I wrote this story two years ago, looking back on how I would jump in to defend my kids when I detected the slightest wrongdoing against them. This was my tendency to hover, helicopter and be a snowplow mom. I don’t think my own mom was aware of most of the troubles I was going through–let alone fight the school, principal, teacher or coach over them. She let me handle things by myself. The only time I remember them getting involved was when my brother got suspended for his long hair, which touched the collar of his shirt. Somehow, after that suspension, the entire high school’s dress code got changed and long hair was allowed.
I was always a stickler for what was right or wrong and I never shied away from addressing any issue. I would go to bat for my kids whenever I felt they were being slighted. Looking back, I see that is a trait of helicopter parenting and I might have done more good for my kids by letting them fight their own battles.
Here are a few battles I took on when I thought my kids weren’t being treated right:
I wrote an email to my son’s AP History teacher to complain about his grade. He was .05 off an A and I felt the teacher should round it up. I got a note back explaining that if he were to round up my son’s grade, he’d have to go back and do the same thing for every other student in his grade book who was a fraction off the next higher grade. (Not a bad idea, I thought!) My son was being passed over for his school’s nomination for the coveted National Merit Scholarship award because of the B, but he lived through it.

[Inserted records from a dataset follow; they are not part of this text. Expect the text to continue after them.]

(* Let $\rho$ be an $n$-qubit density matrix and define $\vec z\in\mathbb{C}^n$ by $z_i=\langle e_i|\rho|0^n\rangle$. If $\langle0^n|\rho|0^n\rangle=2/3+c$ for some $c>0$, then every $n$-qubit pure product state $|\pi\rangle$ satisfies \[ \langle\pi|\rho|\pi\rangle\le\langle0^n|\rho|0^n\rangle+\min\Big\{3\|\vec z\|_2,\ \frac{\|\vec z\|_2^2}{c}\Big\}. \]
   Context: $|e_i\rangle$ denotes the $n$-qubit computational basis state with $|1\rangle$ in position $i$ and $|0\rangle$ elsewhere; $|0^n\rangle$ is the all-zeros basis state. *)

theory Defs
  imports Complex_Main
begin

text \<open>n-qubit states/operators are indexed by computational basis indices j < 2^n;
  bit i of j (i.e. odd (j div 2^i)) is the state of qubit i. Thus the basis state
  e_i (|1> in position i, |0> elsewhere) has index 2^i and 0^n has index 0.
  An operator is a function rho :: nat => nat => complex, rho j k = <j|rho|k>.\<close>

definition quad_form :: "nat \<Rightarrow> (nat \<Rightarrow> nat \<Rightarrow> complex) \<Rightarrow> (nat \<Rightarrow> complex) \<Rightarrow> complex" where
  "quad_form n \<rho> v = (\<Sum>j<2^n. \<Sum>k<2^n. cnj (v j) * \<rho> j k * v k)"

definition density_matrix :: "nat \<Rightarrow> (nat \<Rightarrow> nat \<Rightarrow> complex) \<Rightarrow> bool" where
  "density_matrix n \<rho> \<longleftrightarrow>
     (\<forall>j<2^n. \<forall>k<2^n. \<rho> k j = cnj (\<rho> j k)) \<and>
     (\<forall>v. 0 \<le> Re (quad_form n \<rho> v)) \<and>
     (\<Sum>j<2^n. \<rho> j j) = 1"

definition pure_product_state :: "nat \<Rightarrow> (nat \<Rightarrow> complex) \<Rightarrow> bool" where
  "pure_product_state n \<psi> \<longleftrightarrow>
     (\<exists>a b :: nat \<Rightarrow> complex.
        (\<forall>i<n. (cmod (a i))\<^sup>2 + (cmod (b i))\<^sup>2 = 1) \<and>
        (\<forall>j<2^n. \<psi> j = (\<Prod>i<n. if odd (j div 2^i) then b i else a i)))"

definition zvec_norm :: "nat \<Rightarrow> (nat \<Rightarrow> nat \<Rightarrow> complex) \<Rightarrow> real" where
  "zvec_norm n \<rho> = sqrt (\<Sum>i<n. (cmod (\<rho> (2^i) 0))\<^sup>2)"

end

theory Submission
  imports Defs "HOL-Analysis.L2_Norm"
begin

text \<open>
  Write \<open>\<pi> = \<pi>\<^sub>0 |0\<^sup>n\<rangle> + r\<^sub>1 + r\<^sub>2\<close>, splitting by Hamming weight 0, 1 and at least 2, and let
  \<open>\<beta>, q, m\<close> be the squared norms of the three parts and \<open>p = \<langle>0\<^sup>n|\<rho>|0\<^sup>n\<rangle>\<close>. Positivity of \<open>\<rho>\<close>
  bounds \<open>\<langle>r|\<rho>|r\<rangle>\<close> by \<open>|r|\<^sup>2\<close> times the diagonal mass of \<open>\<rho>\<close> on the support of \<open>r\<close>,
  which is at most \<open>1 - p\<close> away from \<open>0\<^sup>n\<close>; Cauchy-Schwarz bounds \<open>\<langle>0\<^sup>n|\<rho>|r\<^sub>1\<rangle>\<close> by
  \<open>|z| \<surd>q\<close>, and a Cauchy-Schwarz inequality weighted by \<open>q\<close> and \<open>m\<close> separates \<open>r\<^sub>2\<close> from the
  rest. Altogether \<open>\<langle>\<pi>|\<rho>|\<pi>\<rangle> \<le> p - 3/2 c (1 - \<beta>) + 2 |z| w\<close> with
  \<open>w = (1 - \<beta>) \<surd>(\<beta>/q)\<close>, as long as \<open>2 \<beta> (1 - \<beta>) \<le> q (1 + \<beta>)\<close>, which also gives
  \<open>w\<^sup>2 \<le> 1 - \<beta>\<close>. Then \<open>w \<le> 1\<close> yields the bound \<open>3 |z|\<close> and AM-GM,
  \<open>2 |z| w \<le> |z|\<^sup>2/c + c w\<^sup>2\<close>, the bound \<open>|z|\<^sup>2/c\<close>.

  The condition on \<open>\<beta>\<close> and \<open>q\<close> is where product states enter: with \<open>x\<^sub>i = |\<langle>0|\<pi>\<^sub>i\<rangle>|\<^sup>2\<close>
  one has \<open>\<beta> = \<Prod>\<^sub>i x\<^sub>i\<close> and \<open>q = \<Sum>\<^sub>i (1 - x\<^sub>i) \<Prod>\<^bsub>l \<noteq> i\<^esub> x\<^sub>l\<close>, and the inequality follows by
  induction on the number of qubits.
\<close>

section \<open>Sesquilinear forms on \<open>n\<close>-qubit vectors\<close>

definition sesq_form ::
    "nat \<Rightarrow> (nat \<Rightarrow> nat \<Rightarrow> complex) \<Rightarrow> (nat \<Rightarrow> complex) \<Rightarrow> (nat \<Rightarrow> complex) \<Rightarrow> complex" where
  "sesq_form n \<rho> u v = (\<Sum>j<2^n. \<Sum>k<2^n. cnj (u j) * \<rho> j k * v k)"

definition ket :: "nat \<Rightarrow> complex \<Rightarrow> nat \<Rightarrow> complex" where
  "ket j a = (\<lambda>i. if i = j then a else 0)"

definition zero_outside :: "nat set \<Rightarrow> (nat \<Rightarrow> complex) \<Rightarrow> nat \<Rightarrow> complex" where
  "zero_outside S v = (\<lambda>j. if j \<in> S then v j else 0)"

definition diag_weight :: "nat \<Rightarrow> (nat \<Rightarrow> nat \<Rightarrow> complex) \<Rightarrow> nat set \<Rightarrow> real" where
  "diag_weight n \<rho> S = (\<Sum>k<2^n. if k \<in> S then Re (\<rho> k k) else 0)"

definition sq_norm :: "nat \<Rightarrow> (nat \<Rightarrow> complex) \<Rightarrow> real" where
  "sq_norm n v = (\<Sum>j<2^n. (cmod (v j))\<^sup>2)"

definition weight_one_indices :: "nat \<Rightarrow> nat set" where
  "weight_one_indices n = (\<lambda>i. 2^i) ` {..<n}"

lemma quad_form_eq_sesq_form: "quad_form n \<rho> v = sesq_form n \<rho> v v"
  by (simp add: quad_form_def sesq_form_def)

lemma sesq_form_add_left: "sesq_form n \<rho> (\<lambda>j. u j + w j) v = sesq_form n \<rho> u v + sesq_form n \<rho> w v"
  unfolding sesq_form_def by (simp add: distrib_right sum.distrib)

lemma sesq_form_add_right: "sesq_form n \<rho> v (\<lambda>j. u j + w j) = sesq_form n \<rho> v u + sesq_form n \<rho> v w"
  unfolding sesq_form_def by (simp add: distrib_left sum.distrib)

lemma sesq_form_scale_left: "sesq_form n \<rho> (\<lambda>j. a * u j) v = cnj a * sesq_form n \<rho> u v"
  unfolding sesq_form_def by (simp add: sum_distrib_left mult.assoc)

lemma sesq_form_scale_right: "sesq_form n \<rho> v (\<lambda>j. a * u j) = a * sesq_form n \<rho> v u"
  unfolding sesq_form_def by (simp add: sum_distrib_left mult.left_commute)

lemma sesq_form_ket_left:
  assumes "j < 2^n"
  shows "sesq_form n \<rho> (ket j a) v = cnj a * (\<Sum>k<2^n. \<rho> j k * v k)"
proof -
  have "sesq_form n \<rho> (ket j a) v = (\<Sum>i<2^n. if i = j then cnj a * (\<Sum>k<2^n. \<rho> j k * v k) else 0)"
    unfolding sesq_form_def ket_def by (intro sum.cong refl) (simp add: sum_distrib_left mult.assoc)
  with assms show ?thesis by simp
qed

lemma sesq_form_ket_ket:
  assumes "j < 2^n" "k < 2^n"
  shows "sesq_form n \<rho> (ket j a) (ket k b) = cnj a * \<rho> j k * b"
proof -
  have "(\<Sum>l<2^n. \<rho> j l * ket k b l) = (\<Sum>l<2^n. if l = k then \<rho> j k * b else 0)"
    unfolding ket_def by (intro sum.cong) simp_all
  with assms show ?thesis by (simp add: sesq_form_ket_left mult.assoc)
qed

lemma sum_weight_one_indices:
  fixes f :: "nat \<Rightarrow> 'a::comm_monoid_add"
  shows "(\<Sum>j<2^n. if j \<in> weight_one_indices n then f j else 0) = (\<Sum>i<n. f (2^i))"
proof -
  have "weight_one_indices n \<subseteq> {..<2^n}" by (auto simp: weight_one_indices_def)
  then have "(\<Sum>j<2^n. if j \<in> weight_one_indices n then f j else 0) = sum f (weight_one_indices n)"
    by (simp add: sum.inter_restrict[symmetric] Int_absorb1)
  also have "\<dots> = (\<Sum>i<n. f (2^i))"
    unfolding weight_one_indices_def by (rule sum.reindex_cong[where l = "\<lambda>i. 2^i"]) (auto simp: inj_on_def)
  finally show ?thesis .
qed

lemma sum_split_zero_weight_one:
  fixes f :: "nat \<Rightarrow> 'a::comm_monoid_add"
  shows "(\<Sum>j<2^n. f j) = f 0 + (\<Sum>j<2^n. if j \<in> weight_one_indices n then f j else 0)
           + (\<Sum>j<2^n. if j \<in> - insert 0 (weight_one_indices n) then f j else 0)"
proof -
  have "0 \<notin> weight_one_indices n" by (auto simp: weight_one_indices_def)
  then have "(\<Sum>j<2^n. f j) = (\<Sum>j<2^n. (if j = 0 then f j else 0)
       + (if j \<in> weight_one_indices n then f j else 0)
       + (if j \<in> - insert 0 (weight_one_indices n) then f j else 0))"
    by (intro sum.cong) auto
  also have "\<dots> = (\<Sum>j<2^n. if j = 0 then f j else 0)
       + (\<Sum>j<2^n. if j \<in> weight_one_indices n then f j else 0)
       + (\<Sum>j<2^n. if j \<in> - insert 0 (weight_one_indices n) then f j else 0)"
    by (simp only: sum.distrib)
  finally show ?thesis by simp
qed

lemma sq_norm_zero_outside:
  "sq_norm n (zero_outside S v) = (\<Sum>j<2^n. if j \<in> S then (cmod (v j))\<^sup>2 else 0)"
  unfolding sq_norm_def zero_outside_def by (intro sum.cong) auto

section \<open>Positive semidefinite Hermitian matrices\<close>

lemma quadratic_nonneg_imp_discrim_le:
  fixes a b c :: real
  assumes "0 \<le> a" and nonneg: "\<And>t. 0 \<le> a * t\<^sup>2 + 2 * b * t + c"
  shows "b\<^sup>2 \<le> a * c"
proof (cases "a = 0")
  case True
  have "b = 0"
  proof (rule ccontr)
    assume "b \<noteq> 0"
    with nonneg[of "- (c + 1) / (2 * b)"] True show False by (simp add: field_simps)
  qed
  with True show ?thesis by simp
next
  case False
  with \<open>0 \<le> a\<close> have "0 < a" by simp
  with nonneg[of "- b / a"] have "0 \<le> (a * c - b\<^sup>2) / a" by (simp add: field_simps power2_eq_square)
  with \<open>0 < a\<close> show ?thesis by (simp add: zero_le_divide_iff)
qed

lemma mult_le_half_weighted_squares:
  fixes a b c x y :: real
  assumes "0 \<le> a" "0 \<le> b" "0 \<le> x" "0 \<le> y" "0 \<le> c" "c\<^sup>2 \<le> x * y"
  shows "a * b * c \<le> (a\<^sup>2 * y + b\<^sup>2 * x) / 2"
proof -
  have "(a * b * c)\<^sup>2 = (a\<^sup>2 * b\<^sup>2) * c\<^sup>2" by (simp add: power_mult_distrib)
  also have "\<dots> \<le> (a\<^sup>2 * b\<^sup>2) * (x * y)" using assms(6) by (rule mult_left_mono) simp
  also have "\<dots> = (a\<^sup>2 * y) * (b\<^sup>2 * x)" by simp
  also have "\<dots> \<le> ((a\<^sup>2 * y + b\<^sup>2 * x) / 2)\<^sup>2"
    using sum_squares_ge_zero[of "a\<^sup>2 * y - b\<^sup>2 * x" 0] by (simp add: power2_eq_square field_simps)
  finally show ?thesis
    by (rule power2_le_imp_le) (use assms in simp)
qed

locale psd_matrix =
  fixes n :: nat and \<rho> :: "nat \<Rightarrow> nat \<Rightarrow> complex"
  assumes hermitian: "\<forall>j<2^n. \<forall>k<2^n. \<rho> k j = cnj (\<rho> j k)"
      (* loops as a simp rule, so it is only ever instantiated by blast *)
    and quad_form_nonneg: "\<And>v. 0 \<le> Re (quad_form n \<rho> v)"
begin

lemma sesq_form_swap: "sesq_form n \<rho> v u = cnj (sesq_form n \<rho> u v)"
proof -
  have "sesq_form n \<rho> v u = (\<Sum>k<2^n. \<Sum>j<2^n. cnj (v j) * \<rho> j k * u k)"
    unfolding sesq_form_def by (rule sum.swap)
  also have "\<dots> = (\<Sum>k<2^n. \<Sum>j<2^n. cnj (cnj (u k) * \<rho> k j * v j))"
  proof (intro sum.cong refl)
    fix k j :: nat assume "k \<in> {..<2^n}" "j \<in> {..<2^n}"
    then have "\<rho> j k = cnj (\<rho> k j)" using hermitian by blast
    then show "cnj (v j) * \<rho> j k * u k = cnj (cnj (u k) * \<rho> k j * v j)" by (simp add: mult_ac)
  qed
  also have "\<dots> = cnj (sesq_form n \<rho> u v)" by (simp add: sesq_form_def)
  finally show ?thesis .
qed

lemma Re_quad_form_add:
  "Re (quad_form n \<rho> (\<lambda>j. u j + w j))
     = Re (quad_form n \<rho> u) + Re (quad_form n \<rho> w) + 2 * Re (sesq_form n \<rho> u w)"
  using sesq_form_swap[of w u]
  by (simp add: quad_form_eq_sesq_form sesq_form_add_left sesq_form_add_right)

lemma sesq_form_Cauchy_Schwarz:
  "(Re (sesq_form n \<rho> u v))\<^sup>2 \<le> Re (quad_form n \<rho> u) * Re (quad_form n \<rho> v)"
proof (rule quadratic_nonneg_imp_discrim_le)
  fix t :: real
  have "0 \<le> Re (quad_form n \<rho> (\<lambda>j. complex_of_real t * u j + v j))"
    by (rule quad_form_nonneg)
  then show "0 \<le> Re (quad_form n \<rho> u) * t\<^sup>2 + 2 * Re (sesq_form n \<rho> u v) * t + Re (quad_form n \<rho> v)"
    unfolding Re_quad_form_add by (simp add: quad_form_eq_sesq_form sesq_form_scale_left
        sesq_form_scale_right power2_eq_square algebra_simps)
qed (rule quad_form_nonneg)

When I felt a coach was picking on my son, I made an appointment to complain about it, only to find out that he had earned the “coach’s award” for best attitude and effort. That surprised me and I’m embarrassed about that meeting to this day.
When my daughter was given five days of after-school detention for forgetting to bring the photocopy of Christmas song lyrics to music class, I complained that the punishment was over the top. In fact, other kids were given two nights detention, so there was a definite crossing the line by the music teacher—in my humble opinion.
There are countless other incidents where I went to battle for my kids. I do believe I taught them the difference between right and wrong and that they should stand up for themselves. At least that’s what I told myself at the time.
I couldn’t understand why other parents would stand by and let bad things happen to their kids. I do now. Sometimes it’s better to keep your mouth shut and shrug your shoulders. I’ve found that some of the things that would have bugged me to no end, will soon disappear on their own within a few days or weeks. By making an issue out of little things, they can turn into big ones and burn a lot of energy and create angst.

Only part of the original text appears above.